Он вышел во двор. Тут же к нему подбежала одна из девушек, схватила за руку и положила ладонь себе на грудь.
— Попробуй, какой толстый-толстый слой шоколада, — она принялась расстегивать ворот блузки. При этом глаза ее оставались какими-то бесцветными и отсутствующими. — Молоко вдвойне вкусней, если это «Милки Вэй». Му-у!
— Сгинь, — отмахнулся Феликс.
Он поискал глазами и тут же увидел якобы случайно оказавшегося неподалеку Виталика.
«Наверняка он подослал, подучил!» — мелькнула мысль.
— Ты мне нравишься, — шептала девушка. — Хочешь? — Она несколько раз качнулась и принялась тереться о Феликса животом, мягким и одновременно упругим.
— Тебе же не хочется.
— Хочется, хочется, —монотонно повторяло «погибшее, но милое создание», манерно прикрывая глаза.

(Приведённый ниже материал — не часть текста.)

(* Let $N,K\ge 2$ ... more precisely, let $N\ge1$, $K\ge 1$, and let $\mathcal{P}$ be a probability distribution on pairs $(a_h,f_h)\in\mathcal{A}\times\mathcal{F}\subseteq\mathbb{R}^N\times\mathbb{R}^N$. For each $(a_h,f_h)$ let $\mathcal{L}_h^a\in\mathbb{R}^{N\times N}$ be the associated linear discrete operator, let $u_h=\mathcal{G}_h(a_h,f_h)$ be the discrete solution (a measurable function of $(a_h,f_h)$), and let $u_h^{(t)}=U_t(a_h,f_h)\in\mathcal{U}$ be the current iterate, a fixed measurable function of $(a_h,f_h)$. Let $C_1,\dots,C_K:\mathbb{R}^N\to\mathbb{R}^N$ be arbitrary (measurable) solver maps and set $$\tilde c_j=\tilde c_j(a_h,u_h^{(t)},u_h)=\bigl\|(I-C_j\circ\mathcal{L}_h^a)(u_h-u_h^{(t)})\bigr\|_2^2,\quad j\in[K].$$ Assume there are constants $0<E_{\min}$ and $\bar E<\infty$ such that, for $\mathcal{P}$-almost every $(a_h,f_h)$, $\tilde c_j<\bar E$ for all $j\in[K]$ and $\tilde c_j>E_{\min}$ for at least one $j\in[K]$. Then $\Psi$ is a Bayes-consistent surrogate for $l_{\text{route}}$: for every sequence of measurable score functions $\mathbf g_n=(g_{n,1},\dots,g_{n,K})$ with $\mathcal{R}_\Psi(\mathbf g_n)\to\mathcal{R}_\Psi^*$, the induced routers $r_n=\operatorname{argmax}_{j\in[K]}g_{n,j}$ satisfy $\mathcal{R}_{\text{route}}(r_n)\to\mathcal{R}_{\text{route}}^*$.
   Context: Inputs are $x=(a_h,f_h,u_h^{(t)})\in\mathcal{A}\times\mathcal{F}\times\mathcal{U}$. A score function is $\mathbf g=(g_1,\dots,g_K)$ with $g_j:\mathcal{A}\times\mathcal{F}\times\mathcal{U}\to\mathbb{R}$; its induced router is $r(x)=\operatorname{argmax}_{j\in[K]}g_j(x)$ (ties broken by any fixed rule). The routing loss is $l_{\text{route}}(r,a_h,f_h,u_h^{(t)},u_h)=\sum_{j=1}^K\tilde c_j\,\mathbf 1_{r(a_h,f_h,u_h^{(t)})=j}$, and the surrogate loss is $$\Psi(\mathbf g,a_h,f_h,u_h^{(t)},u_h)=-\sum_{j=1}^K\sum_{k=1}^K\tilde c_k\,\mathbf 1_{k\ne j}\log\left(\frac{\exp(g_j(a_h,f_h,u_h^{(t)}))}{\sum_{m=1}^K\exp(g_m(a_h,f_h,u_h^{(t)}))}\right).$$ Risks: $\mathcal{R}_{\text{route}}(r)=\mathbb{E}_{(a_h,f_h)\sim\mathcal{P}}[l_{\text{route}}(r,a_h,f_h,u_h^{(t)},u_h)]$ and $\mathcal{R}_\Psi(\mathbf g)=\mathbb{E}_{(a_h,f_h)\sim\mathcal{P}}[\Psi(\mathbf g,a_h,f_h,u_h^{(t)},u_h)]$, with $u_h^{(t)}=U_t(a_h,f_h)$ and $u_h=\mathcal{G}_h(a_h,f_h)$; $\mathcal{R}_{\text{route}}^*$ and $\mathcal{R}_\Psi^*$ denote the infima of these risks over all measurable routers, resp. all measurable score functions. *)

theory Defs
  imports "HOL-Probability.Probability"
begin

text \<open>Samples are pairs (a_h, f_h) in R^N x R^N; router/score inputs are
  triples (a_h, f_h, u_h^(t)) in R^N x R^N x R^N. Expert indices are 0..K-1.\<close>

type_synonym 'n input = "(real^'n) \<times> (real^'n) \<times> (real^'n)"

definition expert_cost ::
  "(real^'n \<Rightarrow> real^'n^'n) \<Rightarrow> ((real^'n) \<times> (real^'n) \<Rightarrow> real^'n) \<Rightarrow>
   ((real^'n) \<times> (real^'n) \<Rightarrow> real^'n) \<Rightarrow> (nat \<Rightarrow> real^'n \<Rightarrow> real^'n) \<Rightarrow>
   nat \<Rightarrow> (real^'n) \<times> (real^'n) \<Rightarrow> real" where
  "expert_cost L G Ut C j \<omega> =
     (let e = G \<omega> - Ut \<omega> in (norm (e - C j (L (fst \<omega>) *v e)))\<^sup>2)"

text \<open>Router induced by a score function: argmax with a fixed tie-breaking rule tb
  (tb picks an element of the nonempty set of maximisers).\<close>
definition induced_router ::
  "(nat set \<Rightarrow> nat) \<Rightarrow> nat \<Rightarrow> (nat \<Rightarrow> 'x \<Rightarrow> real) \<Rightarrow> 'x \<Rightarrow> nat" where
  "induced_router tb K g x = tb {j. j < K \<and> (\<forall>k<K. g k x \<le> g j x)}"

definition route_loss :: "nat \<Rightarrow> (nat \<Rightarrow> real) \<Rightarrow> nat \<Rightarrow> real" where
  "route_loss K c r = (\<Sum>j<K. c j * (if r = j then 1 else 0))"

definition surrogate_loss :: "nat \<Rightarrow> (nat \<Rightarrow> real) \<Rightarrow> (nat \<Rightarrow> real) \<Rightarrow> real" where
  "surrogate_loss K c gv =
     - (\<Sum>j<K. \<Sum>k<K. c k * (if k \<noteq> j then 1 else 0) *
          ln (exp (gv j) / (\<Sum>m<K. exp (gv m))))"

definition route_risk ::
  "((real^'n) \<times> (real^'n)) measure \<Rightarrow> nat \<Rightarrow> (nat \<Rightarrow> (real^'n) \<times> (real^'n) \<Rightarrow> real) \<Rightarrow>
   ((real^'n) \<times> (real^'n) \<Rightarrow> real^'n) \<Rightarrow> ('n input \<Rightarrow> nat) \<Rightarrow> ennreal" where
  "route_risk M K c Ut r =
     (\<integral>\<^sup>+ \<omega>. ennreal (route_loss K (\<lambda>j. c j \<omega>) (r (fst \<omega>, snd \<omega>, Ut \<omega>))) \<partial>M)"

definition surrogate_risk ::
  "((real^'n) \<times> (real^'n)) measure \<Rightarrow> nat \<Rightarrow> (nat \<Rightarrow> (real^'n) \<times> (real^'n) \<Rightarrow> real) \<Rightarrow>
   ((real^'n) \<times> (real^'n) \<Rightarrow> real^'n) \<Rightarrow> (nat \<Rightarrow> 'n input \<Rightarrow> real) \<Rightarrow> ennreal" where
  "surrogate_risk M K c Ut g =
     (\<integral>\<^sup>+ \<omega>. ennreal (surrogate_loss K (\<lambda>j. c j \<omega>) (\<lambda>j. g j (fst \<omega>, snd \<omega>, Ut \<omega>))) \<partial>M)"

definition route_risk_star ::
  "((real^'n) \<times> (real^'n)) measure \<Rightarrow> nat \<Rightarrow> (nat \<Rightarrow> (real^'n) \<times> (real^'n) \<Rightarrow> real) \<Rightarrow>
   ((real^'n) \<times> (real^'n) \<Rightarrow> real^'n) \<Rightarrow> ennreal" where
  "route_risk_star M K c Ut =
     (INF r \<in> {r :: 'n input \<Rightarrow> nat. r \<in> borel \<rightarrow>\<^sub>M count_space UNIV \<and> (\<forall>x. r x < K)}.
        route_risk M K c Ut r)"

definition surrogate_risk_star ::
  "((real^'n) \<times> (real^'n)) measure \<Rightarrow> nat \<Rightarrow> (nat \<Rightarrow> (real^'n) \<times> (real^'n) \<Rightarrow> real) \<Rightarrow>
   ((real^'n) \<times> (real^'n) \<Rightarrow> real^'n) \<Rightarrow> ennreal" where
  "surrogate_risk_star M K c Ut =
     (INF g \<in> {g :: nat \<Rightarrow> 'n input \<Rightarrow> real. \<forall>j<K. g j \<in> borel_measurable borel}.
        surrogate_risk M K c Ut g)"

end

theory Submission
  imports Defs
begin

text \<open>The surrogate is a weighted cross entropy: with \<open>w\<^sub>j = \<Sum>\<^sub>k\<^sub>\<noteq>\<^sub>j c\<^sub>k\<close> and
  \<open>W = \<Sum>\<^sub>j w\<^sub>j\<close> it equals \<open>\<Sum>\<^sub>j w\<^sub>j (- log p\<^sub>j)\<close> for the softmax \<open>p\<close> of the scores.
  Its infimum over the scores is \<open>H = \<Sum>\<^sub>j w\<^sub>j log (W / w\<^sub>j)\<close>, and the excess over \<open>H\<close> dominates
  the squared Hellinger distance between \<open>w\<close> and \<open>W p\<close>. If the argmax router picks \<open>i\<close> although
  \<open>j\<close> is cheaper, then \<open>p\<^sub>i \<ge> p\<^sub>j\<close> but \<open>w\<^sub>i \<le> w\<^sub>j\<close>, which forces
  \<open>(c\<^sub>i - c\<^sub>j)\<^sup>2 \<le> 8 W (\<Psi> - H)\<close>. As the costs are bounded, so is \<open>W\<close>, and for every \<open>\<epsilon> > 0\<close> the excess
  routing risk is at most \<open>\<epsilon>\<close> plus a multiple of the excess surrogate risk; hence it vanishes
  along any minimising sequence of score functions.\<close>

section \<open>The surrogate loss at a single sample\<close>

definition surrogate_weight :: "nat \<Rightarrow> (nat \<Rightarrow> real) \<Rightarrow> nat \<Rightarrow> real" where
  "surrogate_weight K c j = (\<Sum>k<K. c k) - c j"

definition surrogate_weight_sum :: "nat \<Rightarrow> (nat \<Rightarrow> real) \<Rightarrow> real" where
  "surrogate_weight_sum K c = (\<Sum>j<K. surrogate_weight K c j)"

text \<open>The infimum of the surrogate loss over all scores: it is approached by scores whose softmax is
  proportional to the weights, see \<open>surrogate_loss_ln_weight_le\<close>.\<close>
definition surrogate_loss_inf :: "nat \<Rightarrow> (nat \<Rightarrow> real) \<Rightarrow> real" where
  "surrogate_loss_inf K c =
     (\<Sum>j<K. surrogate_weight K c j * ln (surrogate_weight_sum K c / surrogate_weight K c j))"

lemma surrogate_weight_nonneg:
  assumes "\<forall>k<K. 0 \<le> c k" "j < K"
  shows "0 \<le> surrogate_weight K c j"
  using member_le_sum[of j "{..<K}" c] assms by (simp add: surrogate_weight_def)

lemma surrogate_weight_le_sum:
  assumes "\<forall>k<K. 0 \<le> c k" "j < K"
  shows "surrogate_weight K c j \<le> surrogate_weight_sum K c"
  unfolding surrogate_weight_sum_def using assms
  by (intro member_le_sum) (auto intro: surrogate_weight_nonneg)

lemma surrogate_weight_sum_nonneg:
  assumes "\<forall>k<K. 0 \<le> c k"
  shows "0 \<le> surrogate_weight_sum K c"
  unfolding surrogate_weight_sum_def using assms
  by (intro sum_nonneg) (auto intro: surrogate_weight_nonneg)

lemma surrogate_weight_sum_le:
  assumes "\<forall>k<K. 0 \<le> c k" and "\<forall>k<K. c k \<le> E"
  shows "surrogate_weight_sum K c \<le> real K * (real K * E)"
proof -
  have "(\<Sum>k<K. c k) \<le> real K * E"
    using sum_bounded_above[of "{..<K}" c E] assms(2) by auto
  then have "surrogate_weight K c j \<le> real K * E" if "j < K" for j
    using assms(1)[rule_format, OF that] by (simp add: surrogate_weight_def)
  then show ?thesis
    using sum_bounded_above[of "{..<K}" "surrogate_weight K c" "real K * E"]
    by (simp add: surrogate_weight_sum_def)
qed

definition softmax :: "nat \<Rightarrow> (nat \<Rightarrow> real) \<Rightarrow> nat \<Rightarrow> real" where
  "softmax K v j = exp (v j) / (\<Sum>m<K. exp (v m))"

lemma softmax_pos: "j < K \<Longrightarrow> 0 < softmax K v j"
  unfolding softmax_def by (intro divide_pos_pos sum_pos) auto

— Иди и скажи ему, что ты мне не понравилась.
— Я не могу не нравиться.
— Ты же видишь, что не возбуждаешь меня.
— Этого не может быть, — рука девушки скользнула к «молнии» джинсов хозяина дома.
Феликс со злостью схватил проститутку за руку.
— Можешь считать, что я тебя уже трахнул, — сказал он.
— Было вкусно, — девица немного недоуменно скосила на Феликса глаза и облизала губы. — Но мне в самом деле хочется тебя.
— Теперь я тебе верю. Но все равно ничего не получится, у меня нет там кнопочки, на которую можно нажать, и я возбужусь. Ты не в моем вкусе.
— Может, попробуем? Если устал, я так умею орудовать языком…
— Остынь.
— Зря…
Колчанов несильно оттолкнул ее и направился к Виталику.
— Слушай, собирай своих и езжай отсюда куда-нибудь подальше! — бросил он приятелю без всяких экивоков.
— Ты что, обиделся? Я хотел как лучше… — растерялся Езерский.
— Нет, ты все сделал правильно, но мне пора спать. Завтра еду, отдохнуть нужно.
— Извини, — в голосе Виталика послышалась обида, — я и впрямь хотел сделать тебе приятное.
— Если еще не передумал, то сообрази, как их всех отсюда выпроводить.
— Нет проблем.
— У вас всех есть десять минут, — предупредил Колчанов. — Я пройдусь к реке, вернусь, и чтобы все уже собрались. Только смотри, там, на втором этаже, — он показал на недостроенный дом; — трахаются. Их не забудьте прихватить. — И Феликс вышел на улицу.
Деревня, несмотря на шум и гам, уже спала. Собаки знали Колчанова и не лаяли, заслышав его шаги. Он прошелся до луга, немного погулял, затем вернулся.
Честно говоря, Феликс не ожидал, что его просьба подействует. Компания была уже в сборе. Даже посуду со стола убрали и помыли.
— Спасибо, — по-клоунски раскланивался Виталик, — все довольны, все хорошо.
— Да, вкусно было, — вставила проститутка, от услуг которой отказался Феликс.
— Не знаю, твоих шоколадок не пробовал, — съязвил Колчанов.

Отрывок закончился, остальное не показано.